In order to further assess the quality of Pyicos peak calling, we compared Pyicos with three other methods: MACS, FindPeaks and USeq. We evaluated the peak definition of the four methods in terms of motif content (Section 2). They all show a similar trend along the ranking, with Pyicos and MACS showing higher densities for all ranking positions (Fig. 1c and d and Supplementary Fig. S11). Moreover, calculating the spatial resolution (Section 2), the four methods show the largest agreement for the PR dataset, whereas USeq shows the lowest spatial resolution on NRSF, CEBPA and CTCF (Supplementary Fig. S12).
We also evaluated the accuracy of peak definition measuring the overlap of the selected peaks with a benchmarking set of positive and negative NRSF binding regions validated by ChIP-qPCR (Section 2). All four methods show high agreement for their top 3000 NRSF peaks in terms of overlap (Supplementary Table S1) and in terms of the pairwise correlations (Supplementary Table S2); hence, we expect they would achieve similar accuracies. Indeed, the four methods perform similarly well with an area under the ROC curve (AUC) between 0.90 and 0.91 (Table 1). We also compared the accuracy of peak definition of the selected peaks by calculating the distances between summit and peak centre as well as the lengths of the peaks. We found that USeq, which produces the shortest peaks (Supplementary Fig. S2), achieves the shortest distance between summit and peak centre, closely followed by Pyicos (Supplementary Fig. S13).
Finally, in order to test our software performance, we used ChIP-Seq data for the human transcription factor CEBPA (Schmidt et al., 2010) (Section 2). Running all four methods with conditions as similar as possible (Supplementary Material), we observed that Pyicos is more efficient in memory usage than the other three methods (Fig. 1e) and stays competitive in running time (Supplementary Fig. S14).
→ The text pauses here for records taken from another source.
section \<open>Reflections\<close>

text \<open>For \<open>\<Sum>\<^sub>j p\<^sub>j\<^sup>2 = 2\<close> this is the reflection \<open>I - 2 u u\<^sup>T\<close> with the unit vector \<open>u = p / \<surd>2\<close>.\<close>

definition reflection_mat :: "nat \<Rightarrow> (nat \<Rightarrow> real) \<Rightarrow> complex mat" where
  "reflection_mat d p = mat d d (\<lambda>(i, j). (if i = j then 1 else 0) - complex_of_real (p i * p j))"

lemma reflection_mat_carrier: "reflection_mat d p \<in> carrier_mat d d"
  by (simp add: reflection_mat_def)

lemma cadj_reflection_mat [simp]: "cadj (reflection_mat d p) = reflection_mat d p"
  by (rule eq_matI) (auto simp: cadj_def reflection_mat_def)

lemma reflection_entries_orthonormal:
  fixes p :: "nat \<Rightarrow> real"
  assumes p: "(\<Sum>j<d. (p j)\<^sup>2) = 2" and i: "i < d" and k: "k < d"
  shows "(\<Sum>j<d. ((if i = j then 1 else 0) - p i * p j) * ((if j = k then 1 else 0) - p j * p k))
    = (if i = k then 1 else 0)"
proof -
  have "(\<Sum>j<d. ((if i = j then 1 else 0) - p i * p j) * ((if j = k then 1 else 0) - p j * p k))
     = (\<Sum>j<d. (if i = j then 1 else 0) * (if j = k then 1 else 0))
       - (\<Sum>j<d. (if i = j then 1 else 0) * (p j * p k))
       - (\<Sum>j<d. p i * p j * (if j = k then 1 else 0)) + (\<Sum>j<d. p i * p k * (p j)\<^sup>2)"
    by (simp add: sum.distrib sum_subtractf algebra_simps power2_eq_square)
  also have "\<dots> = (if i = k then 1 else 0) - p i * p k - p i * p k + p i * p k * 2"
    using i k by (simp add: sum_lessThan_eq_single[of i] sum_lessThan_eq_single[of k]
        flip: sum_distrib_left p)
  finally show ?thesis
    by simp
qed

lemma reflection_mat_unitary:
  assumes p: "(\<Sum>j<d. (p j)\<^sup>2) = 2"
  shows "is_unitary d (reflection_mat d p)"
proof -
  let ?R = "reflection_mat d p"
  have "?R * ?R = 1\<^sub>m d"
  proof (rule eq_matI)
    fix i k assume "i < dim_row (1\<^sub>m d)" "k < dim_col (1\<^sub>m d)"
    then have i: "i < d" and k: "k < d" by simp_all
    have "(?R * ?R) $$ (i, k) = (\<Sum>j<d. ?R $$ (i, j) * ?R $$ (j, k))"
      using i k by (simp add: reflection_mat_def scalar_prod_def atLeast0LessThan)
    also have "\<dots> = complex_of_real (\<Sum>j<d.
        ((if i = j then 1 else 0) - p i * p j) * ((if j = k then 1 else 0) - p j * p k))"
      unfolding of_real_sum using i k by (intro sum.cong refl) (simp add: reflection_mat_def)
    also have "\<dots> = 1\<^sub>m d $$ (i, k)"
      using i k by (simp add: reflection_entries_orthonormal[OF p])
    finally show "(?R * ?R) $$ (i, k) = 1\<^sub>m d $$ (i, k)" .
  qed (simp_all add: reflection_mat_def)
  then show ?thesis
    by (simp add: is_unitary_def reflection_mat_carrier)
qed

lemma index_reflection_mat_mult_vec:
  assumes "dim_vec s = d" "i < d"
  shows "(reflection_mat d p *\<^sub>v s) $ i
    = s $ i - complex_of_real (p i) * (\<Sum>j<d. complex_of_real (p j) * s $ j)"
proof -
  have "(reflection_mat d p *\<^sub>v s) $ i = (\<Sum>j<d. reflection_mat d p $$ (i, j) * s $ j)"
    by (rule mult_vec_index_sum[OF reflection_mat_carrier assms])
  also have "\<dots> = (\<Sum>j<d. (if j = i then s $ j else 0)
      - complex_of_real (p i) * (complex_of_real (p j) * s $ j))"
    using assms by (intro sum.cong refl) (auto simp: reflection_mat_def algebra_simps)
  also have "\<dots> = s $ i - complex_of_real (p i) * (\<Sum>j<d. complex_of_real (p j) * s $ j)"
    using assms by (simp add: sum_subtractf sum_distrib_left)
  finally show ?thesis .
qed

lemma cmod_sum_le_L2_set:
  fixes p :: "nat \<Rightarrow> real"
  assumes "dim_vec s = d"
  shows "cmod (\<Sum>j<d. complex_of_real (p j) * s $ j) \<le> L2_set p {..<d} * vec_norm s"
proof -
  have "cmod (\<Sum>j<d. complex_of_real (p j) * s $ j) \<le> (\<Sum>j<d. \<bar>p j\<bar> * \<bar>cmod (s $ j)\<bar>)"
    using norm_sum[of "\<lambda>j. complex_of_real (p j) * s $ j" "{..<d}"] by (simp add: norm_mult)
  also have "\<dots> \<le> L2_set p {..<d} * vec_norm s"
    unfolding vec_norm_def assms by (rule L2_set_mult_ineq)
  finally show ?thesis .
qed

lemma reflection_mat_dist_le:
  fixes p q :: "nat \<Rightarrow> real"
  assumes p: "(\<Sum>j<d. (p j)\<^sup>2) = 2" and q: "(\<Sum>j<d. (q j)\<^sup>2) = 2"
  shows "mat_dist_le d (reflection_mat d p) (reflection_mat d q)
    (2 * sqrt 2 * L2_set (\<lambda>i. q i - p i) {..<d})"
  unfolding mat_dist_le_def
proof (intro allI impI)
  fix s :: "complex vec" assume s: "dim_vec s = d"
  define A where "A = (\<Sum>j<d. complex_of_real (p j) * s $ j)"
  define B where "B = (\<Sum>j<d. complex_of_real (q j) * s $ j)"
  define L where "L = L2_set (\<lambda>i. q i - p i) {..<d}"
  have Lp: "L2_set p {..<d} = sqrt 2" and Lq: "L2_set q {..<d} = sqrt 2"
    unfolding L2_set_def p q by simp_all
  have B: "cmod B \<le> sqrt 2 * vec_norm s"
    unfolding B_def using cmod_sum_le_L2_set[OF s, of q] Lq by simp
  have BA_sum: "B - A = (\<Sum>j<d. complex_of_real (q j - p j) * s $ j)"
    unfolding A_def B_def by (simp add: sum_subtractf[symmetric] left_diff_distrib)
  have BA: "cmod (B - A) \<le> L * vec_norm s"
    unfolding L_def BA_sum by (rule cmod_sum_le_L2_set[OF s])
  have "vec_norm (reflection_mat d p *\<^sub>v s - reflection_mat d q *\<^sub>v s)
      = L2_set (\<lambda>i. cmod ((reflection_mat d p *\<^sub>v s) $ i - (reflection_mat d q *\<^sub>v s) $ i)) {..<d}"
    by (simp add: vec_norm_minus reflection_mat_def)
  also have "\<dots> \<le> L2_set (\<lambda>i. \<bar>q i - p i\<bar> * cmod B + \<bar>p i\<bar> * cmod (B - A)) {..<d}"
  proof (rule L2_set_mono)
    fix i assume "i \<in> {..<d}"
    then have "(reflection_mat d p *\<^sub>v s) $ i - (reflection_mat d q *\<^sub>v s) $ i
        = complex_of_real (q i - p i) * B + complex_of_real (p i) * (B - A)"
      using s by (simp add: index_reflection_mat_mult_vec flip: A_def B_def) (simp add: algebra_simps)
    then show "cmod ((reflection_mat d p *\<^sub>v s) $ i - (reflection_mat d q *\<^sub>v s) $ i)
        \<le> \<bar>q i - p i\<bar> * cmod B + \<bar>p i\<bar> * cmod (B - A)"
      using norm_triangle_ineq[of "complex_of_real (q i - p i) * B" "complex_of_real (p i) * (B - A)"]
      by (simp add: norm_mult del: of_real_diff)
  qed simp
  also have "\<dots> \<le> L2_set (\<lambda>i. \<bar>q i - p i\<bar> * cmod B) {..<d} + L2_set (\<lambda>i. \<bar>p i\<bar> * cmod (B - A)) {..<d}"
    by (rule L2_set_triangle_ineq)
  also have "\<dots> = L * cmod B + sqrt 2 * cmod (B - A)"
  proof -
    have abs: "L2_set (\<lambda>i. \<bar>f i\<bar>) {..<d} = L2_set f {..<d}" for f :: "nat \<Rightarrow> real"
      by (simp add: L2_set_def)
    show ?thesis
      unfolding L_def Lp[symmetric] by (simp add: L2_set_left_distrib[symmetric] abs)
  qed
  also have "\<dots> \<le> L * (sqrt 2 * vec_norm s) + sqrt 2 * (L * vec_norm s)"
    using B BA by (intro add_mono mult_left_mono) (auto simp: L_def)
  finally show "vec_norm (reflection_mat d p *\<^sub>v s - reflection_mat d q *\<^sub>v s)
      \<le> 2 * sqrt 2 * L * vec_norm s"
    by (simp add: algebra_simps)
qed
lemma rel_trace_add: "rel_trace d N (x + y) = rel_trace d N x + rel_trace d N (y::'a)"
  by (simp add: rel_trace_def frobenius_add sum.distrib)

lemma rel_trace_scale:
  assumes "(c::'a) ^ (2 ^ d) = c" shows "rel_trace d N (c * x) = c * rel_trace d N x"
  by (simp add: rel_trace_def power_mult_distrib pow_fixed_iterate[OF assms] sum_distrib_left)

context
  fixes d N :: nat
  assumes dN: "d * N = n"
begin

lemma rel_trace_frobenius: "rel_trace d N ((x::'a) ^ (2 ^ d)) = rel_trace d N x"
proof -
  define f where "f i = x ^ (2 ^ (d * i))" for i
  have "(x ^ (2 ^ d)) ^ (2 ^ (d * i)) = f (Suc i)" for i
    by (simp add: f_def pow_two_pow)
  moreover have "f N = f 0" using dN fermat by (simp add: f_def)
  moreover have "(\<Sum>i<Suc N. f i) = f 0 + (\<Sum>i<N. f (Suc i))"
    by (rule sum.lessThan_Suc_shift)
  ultimately show ?thesis by (simp add: rel_trace_def f_def add.commute)
qed

lemma rel_trace_frobenius_iter: "rel_trace d N ((x::'a) ^ (2 ^ (d * j))) = rel_trace d N x"
proof (induction j)
  case (Suc j)
  have "x ^ (2 ^ (d * Suc j)) = (x ^ (2 ^ (d * j))) ^ (2 ^ d)"
    by (simp add: pow_two_pow add.commute)
  thus ?case using Suc rel_trace_frobenius by simp
qed simp

lemma rel_trace_in_subfield: "(rel_trace d N (x::'a)) ^ (2 ^ d) = rel_trace d N x"
proof -
  have "(rel_trace d N x) ^ (2 ^ d) = rel_trace d N (x ^ (2 ^ d))"
    by (simp add: rel_trace_def frobenius_sum pow_two_pow add.commute)
  thus ?thesis using rel_trace_frobenius by simp
qed

lemma rel_trace_adjoint:
  assumes "d dvd j" "j \<le> n * c"
  shows "rel_trace d N ((y::'a) ^ (2 ^ j) * w) = rel_trace d N (y * w ^ (2 ^ (n * c - j)))"
proof -
  obtain t where t: "n * c - j = d * t"
    using assms dN by (metis dvd_diff_nat dvd_mult2 dvd_triv_left dvdE)
  have "rel_trace d N (y ^ (2 ^ j) * w) = rel_trace d N ((y ^ (2 ^ j) * w) ^ (2 ^ (n * c - j)))"
    using rel_trace_frobenius_iter[of "y ^ (2 ^ j) * w" t] t by simp
  also have "(y ^ (2 ^ j) * w) ^ (2 ^ (n * c - j)) = y ^ (2 ^ (n * c)) * w ^ (2 ^ (n * c - j))"
    using assms(2) by (simp add: power_mult_distrib pow_two_pow)
  finally show ?thesis by (simp add: fermat_mult)
qed

text \<open>The relative trace is a nonzero map: a polynomial of degree \<open>2^(n-d)\<close> cannot
  vanish on all \<open>2^n\<close> field elements.\<close>
lemma rel_trace_nonzero:
  assumes "d > 0" shows "\<exists>x::'a. rel_trace d N x \<noteq> 0"
proof (rule ccontr)
  assume "\<not> ?thesis"
  hence all0: "\<forall>x::'a. rel_trace d N x = 0" by auto
  have N: "N > 0" using dN n_pos by (cases N) auto
  define P :: "'a poly" where "P = (\<Sum>i<N. monom 1 (2 ^ (d * i)))"
  have evalP: "poly P x = rel_trace d N x" for x
    by (simp add: P_def poly_sum poly_monom rel_trace_def)
  have "coeff P (2 ^ (d * (N - 1))) = (\<Sum>i<N. if 2 ^ (d * i) = (2::nat) ^ (d * (N - 1)) then 1 else 0)"
    by (simp add: P_def coeff_sum)
  also have "\<dots> = (\<Sum>i\<in>{N - 1}. 1)"
    by (rule sum.mono_neutral_cong_right) (use N assms in auto)
  finally have P0: "P \<noteq> 0" by auto
  have degP: "degree P \<le> 2 ^ (d * (N - 1))"
    unfolding P_def
  proof (rule degree_sum_le)
    fix i assume "i \<in> {..<N}"
    hence "(2::nat) ^ (d * i) \<le> 2 ^ (d * (N - 1))" by (intro power_increasing) auto
    thus "degree (monom (1::'a) (2 ^ (d * i))) \<le> 2 ^ (d * (N - 1))"
      using degree_monom_le order_trans by blast
  qed simp
  have "{x. poly P x = 0} = UNIV" using all0 evalP by auto
  hence "(2::nat) ^ n \<le> degree P" using card_poly_roots_bound[OF P0] card_field by simp
  hence "n \<le> d * (N - 1)" using degP by (metis order.trans power_le_imp_le_exp one_less_numeral_iff semiring_norm(76))
  moreover have "d * (N - 1) < n" using assms dN N n_pos by (simp add: diff_mult_distrib2)
  ultimately show False by simp
qed

lemma rel_trace_nondegenerate:
  assumes "d > 0" "\<forall>x. rel_trace d N (x * z) = 0" shows "(z::'a) = 0"
proof (rule ccontr)
  assume z: "z \<noteq> 0"
  obtain w :: 'a where "rel_trace d N w \<noteq> 0" using rel_trace_nonzero[OF assms(1)] by blast
  moreover have "rel_trace d N ((w / z) * z) = 0" using assms(2) by blast
  ultimately show False using z by simp
qed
Methods to measure differential gene expression from RNA-Seq are generally based on EA between samples (Anders and Huber, 2010; Bullard et al., 2010; Oshlack et al., 2010; Robinson and Oshlack, 2010; Wang et al., 2010). Pyicos incorporates a method to detect regions of significant enrichment between two samples based on the comparison of the observed enrichment values with those measured between two replicas (Section 2). In order to establish the accuracy of Pyicos for detecting DE genes, we compared it first to the methods MATR (with replicas) and MARS (without replicas) from DEGseq (Wang et al., 2010), using RNA-Seq data from liver and kidney (Marioni et al., 2008). Both methods, DEGseq and Pyicos, can accept as input read counts or RPKM values for each gene; and they also can estimate a theoretical replica when an experimental one is not provided. We measured the significance of the enrichment of liver over kidney in all genes using four different combinations of input data: replicated count, non-replicated count, replicated RPKM and non-replicated RPKM. Comparing the Z-scores calculated by Pyicos and DEGseq, we observe a high correlation between both methods for all the inputs (Supplementary Table 3).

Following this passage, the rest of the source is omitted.